準決勝2回戦は滞りなく始まり、そしてすんなりと終わったそうだ。
そして、午後。決勝戦が始まる。アリスとギンは会場へと歩み進める。決勝戦だけあって、会場は大盛り上がりだった。……人数が昨日の倍以上はいるんじゃないかと思う程、人という人が観客席を埋め尽くしている。ギンはその様子を見て「ふっ」と鼻で笑った。
「龍志。大会の〆を飾るんじゃ。派手に暴れてやろうぞ」
「……昨日までも派手に暴れていた気がするがな」
「今日はもーっと暴れてやれい!」
「善処はする」
二人がそう会話していると、目の前に試合の相手が入場してきていた。黒い服とマフラーの青い髪の男と、銀髪のヤギの角が生えた女……見覚えがある。
「そういや、名前はちらっと見たような気がしたが……気のせいじゃなかったんだな」
「うへえ、マジか……」
目の前の人物に驚きを隠せないアリスとギン。
それもそのはず、目の前の二人は……ジャンとカーラだったからだ。
「やあ、ダブルエージェント。
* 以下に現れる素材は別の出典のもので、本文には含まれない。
(* Let $\Omega\subset\mathbb{R}^3$ be open, $T>0$, and let $A:[0,T]\times\Omega\to\mathbb{T}$ and $\gamma:[0,T]\times\Omega\to\mathbb{S}$ be sufficiently smooth (classical) fields solving $$\operatorname{div} A=0,\qquad A_t+\operatorname{curl} S\gamma=0,\qquad S\gamma_t-\operatorname{sym}\operatorname{curl} A=0,\qquad \operatorname{div}\operatorname{div} S\gamma=0,$$ with initial conditions $A(0)=A_0$, $\gamma(0)=\gamma_0$. Define the gauge functions $$\alpha:=\tfrac12\operatorname{tr}\gamma,\qquad \beta(t):=\tfrac12\int_0^t \operatorname{div} S\gamma(s)\,ds+\operatorname{vskw} A_0 .$$ Then $\gamma$ satisfies the linearized York version of the ADM equations: $$\gamma_{tt}+S\operatorname{inc}\gamma-2\operatorname{hess}\alpha-2\operatorname{def}\beta_t=0,\qquad \operatorname{div} S(\gamma_t-2\operatorname{def}\beta)=0,\qquad \operatorname{div}\operatorname{div} S\gamma=0 .$$
   Context: $\mathbb{M}$ is the space of real $3\times3$ matrices, $\mathbb{S}$ the symmetric ones, $\mathbb{T}$ the trace-free ones. For $M\in\mathbb{M}$: $S(M):=M^\top-\operatorname{tr}(M)I$; $\operatorname{sym}M$ is the symmetric part; $(\operatorname{vskw}M)_i:=-\tfrac12\epsilon_{ijk}M_{jk}$ (Levi-Civita symbol, summation convention). Differential operators act column-wise on matrix fields: $(\operatorname{curl}M)_{ij}=\epsilon_{ikl}\partial_kM_{lj}$, $(\operatorname{div}M)_i=\partial_jM_{ji}$; for a vector field $v$, $(\operatorname{grad}v)_{ij}=\partial_iv_j$, $\operatorname{def}v:=\operatorname{sym}\operatorname{grad}v$; for a scalar $u$, $\operatorname{hess}u$ is the Hessian matrix; $\operatorname{div}\operatorname{div}\sigma:=\operatorname{div}(\operatorname{div}\sigma)$; $\operatorname{inc}M:=\operatorname{curl}\big((\operatorname{curl}M)^\top\big)$. Subscript $t$ denotes time derivative. *)

theory Defs
  imports "HOL-Analysis.Analysis"
begin

type_synonym vec3 = "real^3"
type_synonym mat3 = "real^3^3"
今日は派手にやろうじゃないか」
「わぁい、決勝で会えるなんて、こんな奇遇あるぅ!?」
ジャンはポーズを決めながら気さくに話しかけ、カーラは白々しい事を言いながらいつもの満面の笑みを浮かべていた。
「白々しいな、知っていたんだろ?」
「もちろんさぁ☆」
アリスの呆れた表情に、片眼をつむってウインクで答えるカーラ。なんだか楽しそうで羨ましい限りだ。
「ジャン太郎、お主はなぜ大会に出とるんじゃ?」
「そうだな、スノウおばあちゃん。東部の防衛隊に捕まって処刑されそうになったところを、オトヒメ・プリンセスが救ってくれたんだ」
「嘘だよ、処刑しない代わりに大会に出て優勝してこいって言われたんだ」
「……とにかく、優勝して海皇の権限を譲れって事だろ」
アリスがなんとなくすべてを察すると、ジャンはアリスに指さして「ザッツライト」と答えた。
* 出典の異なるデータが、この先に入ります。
theorem theorem2:
  fixes k n m :: nat and G :: "nat set set"
  assumes "k > 0" and "0 < m" and "m \<le> n choose 2"
    and "ordered_graph n G" and "card G = m"
  shows "N_ord (k + 1) (star_L k) n (S_R n m) \<le> N_ord (k + 1) (star_L k) n G
       \<and> N_ord (k + 1) (star_L k) n G \<le> N_ord (k + 1) (star_L k) n (S_L n m)"
proof -
  let ?a = "a_par n m" and ?b = "b_par n m" and ?d = "\<lambda>H i. card (up_nbrs H n i)"
  have degree_le: "?d H i \<le> n" for H i
    using card_up_nbrs_le[of H n i] by simp
  have edges: "(\<Sum>i\<in>{1..n}. ?d G i) = m"
    using sum_card_up_nbrs[OF assms(4)] assms(5) by simp
  have "(\<Sum>i\<in>{1..n}. ?d (S_R n m) i choose k) \<le> (\<Sum>i\<in>{1..n}. ?d G i choose k)"
  proof (rule sum_choose_le_if_hinge_sums_le[OF assms(1) _ degree_le degree_le])
    fix s
    show "(\<Sum>i\<in>{1..n}. ?d (S_R n m) i - s) \<le> (\<Sum>i\<in>{1..n}. ?d G i - s)"
    proof (rule hinge_sum_ge_balanced[where a = ?a])
      show "(\<Sum>i\<in>{1..n}. ?d (S_R n m) i) \<le> (\<Sum>i\<in>{1..n}. ?d G i)"
        using sum_card_up_nbrs[OF ordered_graph_S_R[OF assms(3)]] card_S_R_le[OF assms(3)] edges
        by simp
    qed (simp_all add: card_up_nbrs_le card_up_nbrs_S_R_ge card_up_nbrs_S_R_le)
  qed simp
  moreover have "(\<Sum>i\<in>{1..n}. ?d G i choose k) \<le> (\<Sum>i\<in>{1..n}. ?d (S_L n m) i choose k)"
  proof (rule sum_choose_le_if_hinge_sums_le[OF assms(1) _ degree_le degree_le])
    fix s
    show "(\<Sum>i\<in>{1..n}. ?d G i - s) \<le> (\<Sum>i\<in>{1..n}. ?d (S_L n m) i - s)"
    proof (rule hinge_sum_le_front_loaded)
      show "(\<Sum>i\<in>{1..n}. ?d G i) \<le> f_fun n ?a + ?b"
        using edges f_fun_a_par_add_b_par[of n m] by simp
    qed (simp_all add: card_up_nbrs_le a_par_le card_up_nbrs_S_L_front card_up_nbrs_S_L_next)
  qed simp
  ultimately show ?thesis unfolding N_ord_star_L[OF assms(1)] by simp
qed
「だが、アリス達も同じだろ? 西部のトップに優勝してこいって頼まれて、今ここにいる。そうだろう?」
「ああ、そうだ。暇なら参加しろってな」
アリスが頷くと、カーラは首をかしげる。
「あれ、てことは……お互い同じ目的って事じゃん」
「ありゃ、そうじゃのう……どうする?」
ギンが腕を組みながら皆の顔を見ていると、ジャンは肩をすくめた。
「はあ、おばあちゃん? 当たり前の事を言うんじゃねえよ」
「さっきからおばあちゃん言いすぎじゃぞ。今日はすこぶる調子いいから、お主を一瞬でフリーズドライにできるんじゃが?」
ギンとジャンが互いの目を見て睨み合う。が、アリスとカーラが間に入り、二人を窘めた。
「まあまあジャン。そんなカッカしないの」
「ギン、お前もだ。やる気なのはいいが、試合はまだ始まってないぞ」
二人にそう言われて一旦落ち着きを取り戻すギンとジャン。
「……しかし、いい機会だ。ジャンとカーラ。お前達とは一度手合わせしたいと考えていた」
アリスがそう言うと握っている紐から下がっていた刀剣を手に取る。彼の言葉を聞いたジャンとカーラは笑みを浮かべた。
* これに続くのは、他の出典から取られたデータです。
lemma has_integral_cauchy_kernel:
  assumes "Im \<zeta> \<noteq> 0"
  shows "((\<lambda>x. 1 / (\<zeta> - complex_of_real x)) has_integral (Ln (\<zeta> + 1) - Ln (\<zeta> - 1))) {-1..1}"
proof -
  have "((\<lambda>x. 1 / (\<zeta> - complex_of_real x)) has_integral
      ((\<lambda>x. - Ln (\<zeta> - complex_of_real x)) 1 - (\<lambda>x. - Ln (\<zeta> - complex_of_real x)) (-1))) {-1..1}"
  proof (rule fundamental_theorem_of_calculus)
    fix x :: real
    have "\<zeta> - complex_of_real x \<notin> \<real>\<^sub>\<le>\<^sub>0"
      using assms by (auto simp: complex_nonpos_Reals_iff)
    then have "((\<lambda>z. - Ln (\<zeta> - z)) has_field_derivative 1 / (\<zeta> - complex_of_real x)) (at (complex_of_real x))"
      by (auto intro!: derivative_eq_intros simp: field_simps)
    then show "((\<lambda>x. - Ln (\<zeta> - complex_of_real x)) has_vector_derivative 1 / (\<zeta> - complex_of_real x))
        (at x within {-1..1})"
      by (rule has_vector_derivative_real_field)
  qed simp
  then show ?thesis
    by simp
qed

lemma Ln_minus_one_upper: "Im \<zeta> > 0 \<Longrightarrow> Ln (\<zeta> - 1) = Ln (1 - \<zeta>) + \<i> * pi"
  using Ln_minus[of "1 - \<zeta>"] by (auto simp: complex_eq_iff)

lemma Ln_minus_one_lower: "Im \<zeta> < 0 \<Longrightarrow> Ln (\<zeta> - 1) = Ln (1 - \<zeta>) - \<i> * pi"
  using Ln_minus[of "1 - \<zeta>"] by (auto simp: complex_eq_iff)

(* The potential int mu(x) / (1 - p x) dx of (iv), written in zeta = 1/p. *)
definition zeta_potential :: "(real \<Rightarrow> real) \<Rightarrow> complex \<Rightarrow> complex" where
  "zeta_potential \<mu> \<zeta> = \<zeta> * integral {-1..1} (\<lambda>x. complex_of_real (\<mu> x) / (\<zeta> - complex_of_real x))"

locale plemelj_setting =
  fixes \<mu> :: "real \<Rightarrow> real" and K \<alpha> x0 :: real
  assumes holder: "\<And>x y. x \<in> {-1..1} \<Longrightarrow> y \<in> {-1..1} \<Longrightarrow> \<bar>\<mu> x - \<mu> y\<bar> \<le> K * \<bar>x - y\<bar> powr \<alpha>"
    and \<alpha>: "0 < \<alpha>" "\<alpha> \<le> 1" and K: "K \<ge> 0" and x0: "x0 \<in> {-1<..<1}"
begin

definition extension :: "real \<Rightarrow> real" where
  "extension u = \<mu> (max (-1) (min 1 u))"

lemma extension_eq: "x \<in> {-1..1} \<Longrightarrow> extension x = \<mu> x"
  by (simp add: extension_def)

lemma extension_holder: "\<bar>extension u - extension v\<bar> \<le> K * \<bar>u - v\<bar> powr \<alpha>"
proof -
  have "\<bar>extension u - extension v\<bar> \<le> K * \<bar>max (-1) (min 1 u) - max (-1) (min 1 v)\<bar> powr \<alpha>"
    unfolding extension_def by (rule holder) auto
  also have "\<dots> \<le> K * \<bar>u - v\<bar> powr \<alpha>"
    using K \<alpha> by (intro mult_left_mono powr_mono2 dist_clamp_le) auto
  finally show ?thesis .
qed

lemma continuous_on_extension: "continuous_on UNIV extension"
  by (rule holder_on_imp_continuous_on) (use \<alpha> extension_holder in \<open>auto simp: holder_on_def\<close>)

lemma continuous_on_density: "continuous_on {-1..1} \<mu>"
proof (rule holder_on_imp_continuous_on)
  show "holder_on {-1..1} \<mu>" unfolding holder_on_def
    by (rule exI[of _ K], rule exI[of _ \<alpha>]) (use \<alpha> holder in auto)
qed

(* The substitution x = Re zeta + y turns the regular part int (mu x - mu (Re zeta)) / (zeta - x) dx into an
   integral over the fixed interval [-3, 3] (enough for |Re zeta| <= 2) whose integrand is bounded by
   K |y| powr (alpha - 1) uniformly in zeta. The points y = +-1 - x0 are cut out so that the integrands
   converge at every y as zeta tends to x0. *)
definition endpoints :: "real set" where
  "endpoints = {-1 - x0, 1 - x0}"

definition shifted_integrand :: "complex \<Rightarrow> real \<Rightarrow> complex" where
  "shifted_integrand \<zeta> y =
     (if y \<in> endpoints then 0
      else if y \<in> {-1 - Re \<zeta>..1 - Re \<zeta>}
      then complex_of_real (extension (Re \<zeta> + y) - extension (Re \<zeta>)) /
             (\<i> * complex_of_real (Im \<zeta>) - complex_of_real y)
      else 0)"

definition regular_part :: "complex \<Rightarrow> complex" where
  "regular_part \<zeta> = integral {-3..3} (shifted_integrand \<zeta>)"

lemma has_integral_regular_part:
  assumes Im: "Im \<zeta> \<noteq> 0" and Re: "\<bar>Re \<zeta>\<bar> \<le> 2"
  shows "((\<lambda>x. complex_of_real (\<mu> x - extension (Re \<zeta>)) / (\<zeta> - complex_of_real x)) has_integral
           regular_part \<zeta>) {-1..1}"
proof -
  define a where "a = Re \<zeta>"
  define \<phi> where "\<phi> x = complex_of_real (\<mu> x - extension a) / (\<zeta> - complex_of_real x)" for x
  have nz: "\<zeta> - complex_of_real x \<noteq> 0" for x
    using Im by (auto simp: complex_eq_iff)
  have "continuous_on {-1..1} \<phi>" unfolding \<phi>_def
    using nz by (intro continuous_intros continuous_on_density) auto
  then have I: "(\<phi> has_integral integral {-1..1} \<phi>) {-1..1}"
    using integrable_continuous_interval integrable_integral by blast
  from has_integral_shift_real_ivl[OF I, of a]
  have "((\<lambda>y. \<phi> (a + y)) has_integral integral {-1..1} \<phi>) {-1 - a..1 - a}"
    by (simp add: add.commute)
  moreover have "{-1 - a..1 - a} \<inter> {-3..3} = {-1 - a..1 - a}" using Re by (auto simp: a_def)
  ultimately have J0: "((\<lambda>y. if y \<in> {-1 - a..1 - a} then \<phi> (a + y) else 0) has_integral
      integral {-1..1} \<phi>) {-3..3}"
    using has_integral_restrict_Int[of "{-1 - a..1 - a}" "\<lambda>y. \<phi> (a + y)"] by simp
  have fin: "finite endpoints" by (simp add: endpoints_def)
  have eqs: "shifted_integrand \<zeta> y = (if y \<in> {-1 - a..1 - a} then \<phi> (a + y) else 0)"
    if "y \<in> {-3..3} - endpoints" for y
  proof (cases "y \<in> {-1 - a..1 - a}")
    case True
    then have "extension (a + y) = \<mu> (a + y)"
      by (intro extension_eq) auto
    moreover have "\<zeta> - complex_of_real (a + y) = \<i> * complex_of_real (Im \<zeta>) - complex_of_real y"
      by (simp add: a_def complex_eq_iff)
    ultimately show ?thesis
      using True that by (simp add: shifted_integrand_def \<phi>_def a_def)
  qed (use that in \<open>auto simp: shifted_integrand_def a_def\<close>)
  have J: "(shifted_integrand \<zeta> has_integral integral {-1..1} \<phi>) {-3..3}"
    by (rule has_integral_spike_finite[OF fin eqs J0])
  then have "regular_part \<zeta> = integral {-1..1} \<phi>" unfolding regular_part_def by (rule integral_unique)
  then show ?thesis using I unfolding \<phi>_def a_def by simp
qed

definition shifted_limit :: "real \<Rightarrow> complex" where
  "shifted_limit y =
     (if y \<in> endpoints then 0
      else if y \<in> {-1 - x0<..<1 - x0}
      then complex_of_real (extension (x0 + y) - extension x0) / (- complex_of_real y)
      else 0)"

definition regular_limit :: complex where
  "regular_limit = integral {-3..3} shifted_limit"

lemma shifted_integrand_bound: "norm (shifted_integrand \<zeta> y) \<le> K * \<bar>y\<bar> powr (\<alpha> - 1)"
proof (cases "y \<notin> endpoints \<and> y \<in> {-1 - Re \<zeta>..1 - Re \<zeta>} \<and> y \<noteq> 0")
  case False
  then have "shifted_integrand \<zeta> y = 0"
    by (auto simp: shifted_integrand_def)
  then show ?thesis
    using K by simp
next
  case True
  define w where "w = \<i> * complex_of_real (Im \<zeta>) - complex_of_real y"
  have "\<bar>y\<bar> \<le> norm w"
    using abs_Re_le_cmod[of w] by (simp add: w_def)
  have "norm (shifted_integrand \<zeta> y) = \<bar>extension (Re \<zeta> + y) - extension (Re \<zeta>)\<bar> / norm w"
    using True by (simp add: shifted_integrand_def w_def norm_divide del: of_real_diff flip: of_real_diff)
  also have "\<dots> \<le> \<bar>extension (Re \<zeta> + y) - extension (Re \<zeta>)\<bar> / \<bar>y\<bar>"
    using True \<open>\<bar>y\<bar> \<le> norm w\<close> by (intro divide_left_mono mult_pos_pos) auto
  also have "\<dots> \<le> K * \<bar>y\<bar> powr \<alpha> / \<bar>y\<bar>"
    using extension_holder[of "Re \<zeta> + y" "Re \<zeta>"] by (intro divide_right_mono) auto
  also have "\<dots> = K * \<bar>y\<bar> powr (\<alpha> - 1)"
    using True by (simp add: powr_diff)
  finally show ?thesis .
qed

lemma shifted_integrand_integrable:
  assumes Im: "Im \<zeta> \<noteq> 0"
  shows "shifted_integrand \<zeta> integrable_on {-3..3}"
proof -
  define a where "a = Re \<zeta>"
  define \<psi> where "\<psi> y = complex_of_real (extension (a + y) - extension a) /
      (\<i> * complex_of_real (Im \<zeta>) - complex_of_real y)" for y
  have nz: "\<i> * complex_of_real (Im \<zeta>) - complex_of_real y \<noteq> 0" for y
    using Im by (auto simp: complex_eq_iff)
  have extension_cont: "continuous_on A (\<lambda>y. extension (a + y))" for A
    by (rule continuous_on_compose2[OF continuous_on_extension]) (auto intro!: continuous_intros)
  have "continuous_on A \<psi>" for A unfolding \<psi>_def
    using nz extension_cont by (intro continuous_intros) auto
  then have "\<psi> integrable_on ({-1 - a..1 - a} \<inter> {-3..3})"
    by (simp add: Int_atLeastAtMost integrable_continuous_interval)
  then have i0: "(\<lambda>y. if y \<in> {-1 - a..1 - a} then \<psi> y else 0) integrable_on {-3..3}"
    by (simp only: integrable_restrict_Int)
  have fin: "finite endpoints" by (simp add: endpoints_def)
  have eqs: "shifted_integrand \<zeta> y = (if y \<in> {-1 - a..1 - a} then \<psi> y else 0)"
    if "y \<in> {-3..3} - endpoints" for y
    using that by (simp add: shifted_integrand_def \<psi>_def a_def)
  show ?thesis by (rule integrable_spike_finite[OF fin eqs i0])
qed

lemma isCont_extension: "isCont extension z"
  using continuous_on_extension continuous_on_eq_continuous_at open_UNIV by blast

lemma eventually_shifted_interval_iff:
  assumes ReS: "(\<lambda>n. Re (S n)) \<longlonglongrightarrow> x0" and "y \<notin> endpoints"
  shows "eventually (\<lambda>n. y \<in> {-1 - Re (S n)..1 - Re (S n)} \<longleftrightarrow> y \<in> {-1 - x0<..<1 - x0}) sequentially"
proof -
  consider "y < -1 - x0" | "y \<in> {-1 - x0<..<1 - x0}" | "y > 1 - x0"
    using assms(2) unfolding endpoints_def by force
  then show ?thesis
  proof cases
    case 1
    then show ?thesis
      using order_tendstoD(2)[OF ReS, of "-1 - y"] by (auto elim!: eventually_mono)
  next
    case 2
    then show ?thesis
      using eventually_conj[OF order_tendstoD(1)[OF ReS, of "-1 - y"] order_tendstoD(2)[OF ReS, of "1 - y"]]
      by (auto elim!: eventually_mono)
  next
    case 3
    then show ?thesis
      using order_tendstoD(1)[OF ReS, of "1 - y"] by (auto elim!: eventually_mono)
  qed
qed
「そりゃあこっちも同じさ、ミスター・アリス。この場を用意してくれたプリンセスには感謝しかないぜ」
「うんうん。乙姫様様だねぇ」
それに負けじと、アリスとギンも笑顔を見せていた。
「よっしゃ、龍志とこの銀雪の最強ツインダブル2倍なパワーを見せちゃる!」
「ツインダブルなんちゃらは意味わからんが、俺達も負けない。互いに手加減抜きでいこう」
アリスの言葉を皮切りに、ゴングの音が会場に鳴り響く。
それとほぼ同時に、互いに武器を構え、戦いの火蓋が切って落とされた。